• DESCRIPTION OF THE TASK:
Where a line in the material below has the string "zero", please report it.

_____

lemma patch_component_bounds:
  assumes grid: "mono (t i)" and z: "z \<in> patch t M q"
  shows "t i (q i - 1) \<le> z $ i" "z $ i \<le> t i (q i + 1)"
proof -
  obtain m where m: "m \<in> patch_cells M q" "z \<in> cell t m"
    using z unfolding patch_def by auto
  then have "m i = q i - 1 \<or> m i = q i"
    unfolding patch_cells_def by blast
  then have "q i - 1 \<le> m i" "m i + 1 \<le> q i + 1"
    by auto
  then have "t i (q i - 1) \<le> t i (m i)" "t i (m i + 1) \<le> t i (q i + 1)"
    using grid by (auto simp: mono_def)
  moreover have "t i (m i) \<le> z $ i" "z $ i \<le> t i (m i + 1)"
    using m(2) by (simp_all add: cell_def mem_box_cart)
  ultimately show "t i (q i - 1) \<le> z $ i" "z $ i \<le> t i (q i + 1)"
    by linarith+
qed

lemma upper_cell_face_in_patch_frontier:
  assumes grid: "mono (t i)" and m: "m \<in> patch_cells M q" "m i = q i"
  shows "cell_face t m i (t i (m i + 1)) \<subseteq> frontier (patch t M q)"
proof
  fix y assume y: "y \<in> cell_face t m i (t i (m i + 1))"
  show "y \<in> frontier (patch t M q)"
  proof (rule frontier_if_inner_max)
    show "y \<in> patch t M q"
      using y m unfolding cell_face_def patch_def by auto
    show "axis i 1 \<bullet> z \<le> axis i 1 \<bullet> y" if "z \<in> patch t M q" for z
      using patch_component_bounds(2)[OF grid that] y m(2)
      by (simp add: cell_face_def inner_axis')
  qed (simp add: axis_eq_0_iff)
qed

lemma lower_cell_face_in_patch_frontier:
  assumes grid: "mono (t i)" and m: "m \<in> patch_cells M q" "m i = q i - 1"
  shows "cell_face t m i (t i (m i)) \<subseteq> frontier (patch t M q)"
proof
  fix y assume y: "y \<in> cell_face t m i (t i (m i))"
  show "y \<in> frontier (patch t M q)"
  proof (rule frontier_if_inner_max)
    show "y \<in> patch t M q"
      using y m unfolding cell_face_def patch_def by auto
    show "(- axis i 1) \<bullet> z \<le> (- axis i 1) \<bullet> y" if "z \<in> patch t M q" for z
      using patch_component_bounds(1)[OF grid that] y m(2)
      by (simp add: cell_face_def inner_axis')
  qed (simp add: axis_eq_0_iff)
qed

lemma patch_cells_subset: "patch_cells M q \<subseteq> M"
  by (auto simp: patch_cells_def)

lemma shift_apply: "shift m i j = (if j = i then m i + 1 else m j)"
  by (simp add: shift_def)

lemma shift_leaves_patch_cells:
  assumes "m \<in> patch_cells M q" "shift m i \<in> M - patch_cells M q"
  shows "m i = q i"
proof -
  have near: "m j = q j - 1 \<or> m j = q j" for j
    using assms(1) unfolding patch_cells_def by blast
  obtain j where j: "\<not> (shift m i j = q j - 1 \<or> shift m i j = q j)"
    using assms(2) unfolding patch_cells_def by auto
  with near[of j] have "j = i"
    by (auto simp: shift_apply split: if_splits)
  with j near[of i] show ?thesis
    by (simp add: shift_apply)
qed

lemma shift_enters_patch_cells:
  assumes "shift m i \<in> patch_cells M q" "m \<in> M - patch_cells M q"
  shows "shift m i i = q i - 1"
proof -
  have near: "shift m i j = q j - 1 \<or> shift m i j = q j" for j
    using assms(1) unfolding patch_cells_def by blast
  obtain j where j: "\<not> (m j = q j - 1 \<or> m j = q j)"
    using assms(2) unfolding patch_cells_def by auto
  with near[of j] have "j = i"
    by (auto simp: shift_apply split: if_splits)
  with j near[of i] show ?thesis
    by (simp add: shift_apply)
qed

lemma Vj_vanishes_off_patch:
  assumes grid: "\<And>i. strict_mono (t i)" and v: "v \<in> Vj k t M q"
    and m: "m \<in> M - patch_cells M q" and x: "x \<in> cell t m"
  shows "v m x = 0 \<and> grad (v m) x = 0"
proof -
  have zero: "\<And>y. y \<in> cell t m \<Longrightarrow> v m y = 0"
    using v m unfolding Vj_def by blast
  have "v m \<in> Qk k"
    using v m unfolding Vj_def Vh_def by blast
  with grid have "grad (v m) x = grad (\<lambda>_. 0) x"
    using zero_in_Qk zero x by (rule grad_eq_on_cell)
  then show ?thesis
    using zero[OF x] by (simp add: grad_zero)
qed

lemma Vj_trace_vanishes_upper:
  assumes grid: "mono (t i)" and v: "v \<in> Vj k t M q"
    and m: "m \<in> patch_cells M q" "shift m i \<in> M - patch_cells M q"
    and y: "y \<in> cell_face t m i (t i (m i + 1))"
  shows "v m y = 0 \<and> grad (v m) y $ i = 0"
proof -
  have "cell_face t m i (t i (m i + 1)) \<subseteq> frontier (patch t M q)"
    using grid m(1) shift_leaves_patch_cells[OF m] by (rule upper_cell_face_in_patch_frontier)
  moreover have "\<forall>c\<in>{t i (m i), t i (m i + 1)}. cell_face t m i c \<subseteq> frontier (patch t M q) \<longrightarrow>
      (\<forall>x\<in>cell_face t m i c. v m x = 0 \<and> partial (v m) i x = 0)"
    using v m(1) unfolding Vj_def by blast
  ultimately show ?thesis
    using y by (simp add: grad_def)
qed

lemma Vj_trace_vanishes_lower:
  assumes grid: "mono (t i)" and v: "v \<in> Vj k t M q"
    and m: "shift m i \<in> patch_cells M q" "m \<in> M - patch_cells M q"
    and y: "y \<in> cell_face t (shift m i) i (t i (m i + 1))"
  shows "v (shift m i) y = 0 \<and> grad (v (shift m i)) y $ i = 0"
proof -
  have i: "shift m i i = m i + 1"
    by (simp add: shift_apply)
  have "cell_face t (shift m i) i (t i (shift m i i)) \<subseteq> frontier (patch t M q)"
    using grid m(1) shift_enters_patch_cells[OF m] by (rule lower_cell_face_in_patch_frontier)
  moreover have "\<forall>c\<in>{t i (shift m i i), t i (shift m i i + 1)}.
      cell_face t (shift m i) i c \<subseteq> frontier (patch t M q) \<longrightarrow>
      (\<forall>x\<in>cell_face t (shift m i) i c. v (shift m i) x = 0 \<and> partial (v (shift m i)) i x = 0)"
    using v m(1) unfolding Vj_def by blast
  ultimately show ?thesis
    using y by (simp add: grad_def i)
qed

lemma face_int_cong:
  assumes grid: "mono (t i)"
    and fg: "\<And>y. y \<in> cell_face t m i (t i (m i + 1)) \<Longrightarrow>
      y \<in> cell_face t (shift m i) i (t i (m i + 1)) \<Longrightarrow> f y = g y"
  shows "face_int t m i f = face_int t m i g"
  unfolding face_int_def
proof (rule integral_cong)
  fix x
  assume x: "x \<in> cbox (\<chi> j. if j = i then 0 else t j (m j)) (\<chi> j. if j = i then 1 else t j (m j + 1))"
  define y where "y = (\<chi> j. if j = i then t i (m i + 1) else x $ j)"
  have y_j: "t j (m j) \<le> y $ j \<and> y $ j \<le> t j (m j + 1)" if "j \<noteq> i" for j
  proof -
    have "(\<chi> j. if j = i then 0 else t j (m j)) $ j \<le> x $ j \<and>
        x $ j \<le> (\<chi> j. if j = i then 1 else t j (m j + 1)) $ j"
      using x unfolding mem_box_cart by blast
    then show ?thesis
      using that by (simp add: y_def)
  qed
  have y_i: "y $ i = t i (m i + 1)"
    by (simp add: y_def)
  have "t i (m i) \<le> t i (m i + 1)" "t i (m i + 1) \<le> t i (m i + 1 + 1)"
    using grid by (simp_all add: monoD)
  then have "t j (m j) \<le> y $ j \<and> y $ j \<le> t j (m j + 1)"
    and "t j (shift m i j) \<le> y $ j \<and> y $ j \<le> t j (shift m i j + 1)" for j
    using y_j[of j] by (cases "j = i"; simp add: y_i shift_def)+
  then have "y \<in> cell_face t m i (t i (m i + 1))"
    and "y \<in> cell_face t (shift m i) i (t i (m i + 1))"
    by (simp_all add: cell_face_def cell_def mem_box_cart y_i)
  then show "f y = g y" by (rule fg)
qed

lemma face_integrand_eq:
  fixes u w v :: "('n::finite \<Rightarrow> int) \<Rightarrow> real^'n \<Rightarrow> real" and y :: "real^'n"
  assumes sub: "P \<subseteq> M"
    and agree_below: "m \<in> P \<Longrightarrow> u m y = w m y \<and> grad (u m) y = grad (w m) y"
    and agree_above: "shift m i \<in> P \<Longrightarrow>
      u (shift m i) y = w (shift m i) y \<and> grad (u (shift m i)) y = grad (w (shift m i)) y"
    and off_below: "m \<in> M - P \<Longrightarrow> v m y = 0 \<and> grad (v m) y = 0"
    and off_above: "shift m i \<in> M - P \<Longrightarrow> v (shift m i) y = 0 \<and> grad (v (shift m i)) y = 0"
    and trace_below: "m \<in> P \<Longrightarrow> shift m i \<in> M - P \<Longrightarrow> v m y = 0 \<and> grad (v m) y $ i = 0"
    and trace_above: "shift m i \<in> P \<Longrightarrow> m \<in> M - P \<Longrightarrow>
      v (shift m i) y = 0 \<and> grad (v (shift m i)) y $ i = 0"
  shows "g * (jump M u m i y \<bullet> jump M v m i y) - avg_grad M u m i y \<bullet> jump M v m i y
          - jump M u m i y \<bullet> avg_grad M v m i y =
         g * (jump M w m i y \<bullet> jump M v m i y) - avg_grad M w m i y \<bullet> jump M v m i y
          - jump M w m i y \<bullet> avg_grad M v m i y"
  by (cases "m \<in> M"; cases "shift m i \<in> M"; cases "m \<in> P"; cases "shift m i \<in> P")
    (use sub agree_below agree_above off_below off_above trace_below trace_above
      in \<open>simp_all add: jump_def avg_grad_def subset_iff inner_axis inner_axis'
        inner_add_left inner_add_right inner_diff_left inner_diff_right\<close>)

lemma face_term_local:
  assumes grid: "\<And>i. strict_mono (t i)" and v: "v \<in> Vj k t M q"
    and agree: "\<And>m x. m \<in> patch_cells M q \<Longrightarrow> x \<in> cell t m \<Longrightarrow>
      u m x = w m x \<and> grad (u m) x = grad (w m) x"
  shows "face_int t m i (\<lambda>x. g * (jump M u m i x \<bullet> jump M v m i x)
            - avg_grad M u m i x \<bullet> jump M v m i x - jump M u m i x \<bullet> avg_grad M v m i x) =
         face_int t m i (\<lambda>x. g * (jump M w m i x \<bullet> jump M v m i x)
            - avg_grad M w m i x \<bullet> jump M v m i x - jump M w m i x \<bullet> avg_grad M v m i x)"
proof (rule face_int_cong)
  show mono: "mono (t i)"
    using grid by (rule strict_mono_mono)
  fix y
  assume ym: "y \<in> cell_face t m i (t i (m i + 1))"
    and ys: "y \<in> cell_face t (shift m i) i (t i (m i + 1))"
  have cells: "y \<in> cell t m" "y \<in> cell t (shift m i)"
    using ym ys by (simp_all add: cell_face_def)
  show "g * (jump M u m i y \<bullet> jump M v m i y)
            - avg_grad M u m i y \<bullet> jump M v m i y - jump M u m i y \<bullet> avg_grad M v m i y =
         g * (jump M w m i y \<bullet> jump M v m i y)
            - avg_grad M w m i y \<bullet> jump M v m i y - jump M w m i y \<bullet> avg_grad M v m i y"
    by (rule face_integrand_eq[OF patch_cells_subset])
      (use cells agree Vj_vanishes_off_patch[OF grid v] Vj_trace_vanishes_upper[OF mono v _ _ ym]
        Vj_trace_vanishes_lower[OF mono v _ _ ys] in blast)+
qed

theorem mainTheorem1:
  fixes t :: "'n::finite \<Rightarrow> int \<Rightarrow> real"
    and M :: "('n \<Rightarrow> int) set"
    and \<Omega> :: "(real^'n) set"
    and k :: nat
    and \<gamma> :: "(('n \<Rightarrow> int) \<times> 'n) \<Rightarrow> real"
    and q :: "'n \<Rightarrow> int"
    and u w v :: "('n \<Rightarrow> int) \<Rightarrow> real^'n \<Rightarrow> real"
  assumes dim: "CARD('n) = 2 \<or> CARD('n) = 3"
    and grid: "\<And>i. strict_mono (t i)"
    and mesh: "finite M" "M \<noteq> {}"
    and dom: "\<Omega> = interior (\<Union>m\<in>M. cell t m)" "connected \<Omega>"
    and deg: "k \<ge> 1"
    and pen: "\<And>F. F \<in> faces M \<Longrightarrow> \<gamma> F > 0"
    and vertex: "patch_cells M q \<noteq> {}"
    and u: "u \<in> Vh k M" and w: "w \<in> Vh k M"
    and uw: "\<And>m x. m \<in> patch_cells M q \<Longrightarrow> x \<in> cell t m \<Longrightarrow> u m x = w m x"
    and v: "v \<in> Vj k t M q"
  shows "a_h t M \<gamma> u v = a_h t M \<gamma> w v"
proof -
  have agree: "u m x = w m x \<and> grad (u m) x = grad (w m) x"
    if m: "m \<in> patch_cells M q" and x: "x \<in> cell t m" for m x
  proof -
    have "u m \<in> Qk k" "w m \<in> Qk k"
      using u w m unfolding Vh_def patch_cells_def by auto
    with grid show ?thesis
      using uw[OF m] x grad_eq_on_cell by blast
  qed
  have "integral (cell t m) (\<lambda>x. grad (u m) x \<bullet> grad (v m) x) =
        integral (cell t m) (\<lambda>x. grad (w m) x \<bullet> grad (v m) x)" if "m \<in> M" for m
    using that agree Vj_vanishes_off_patch[OF grid v]
    by (intro integral_cong) (cases "m \<in> patch_cells M q"; simp)
  then show ?thesis
    unfolding a_h_def using face_term_local[OF grid v agree]
    by (simp add: case_prod_unfold)
qed

end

_____

• OUTPUT OF THE TASK:
  have zero: "\<And>y. y \<in> cell t m \<Longrightarrow> v m y = 0"
    using zero_in_Qk zero x by (rule grad_eq_on_cell)
    using zero[OF x] by (simp add: grad_zero)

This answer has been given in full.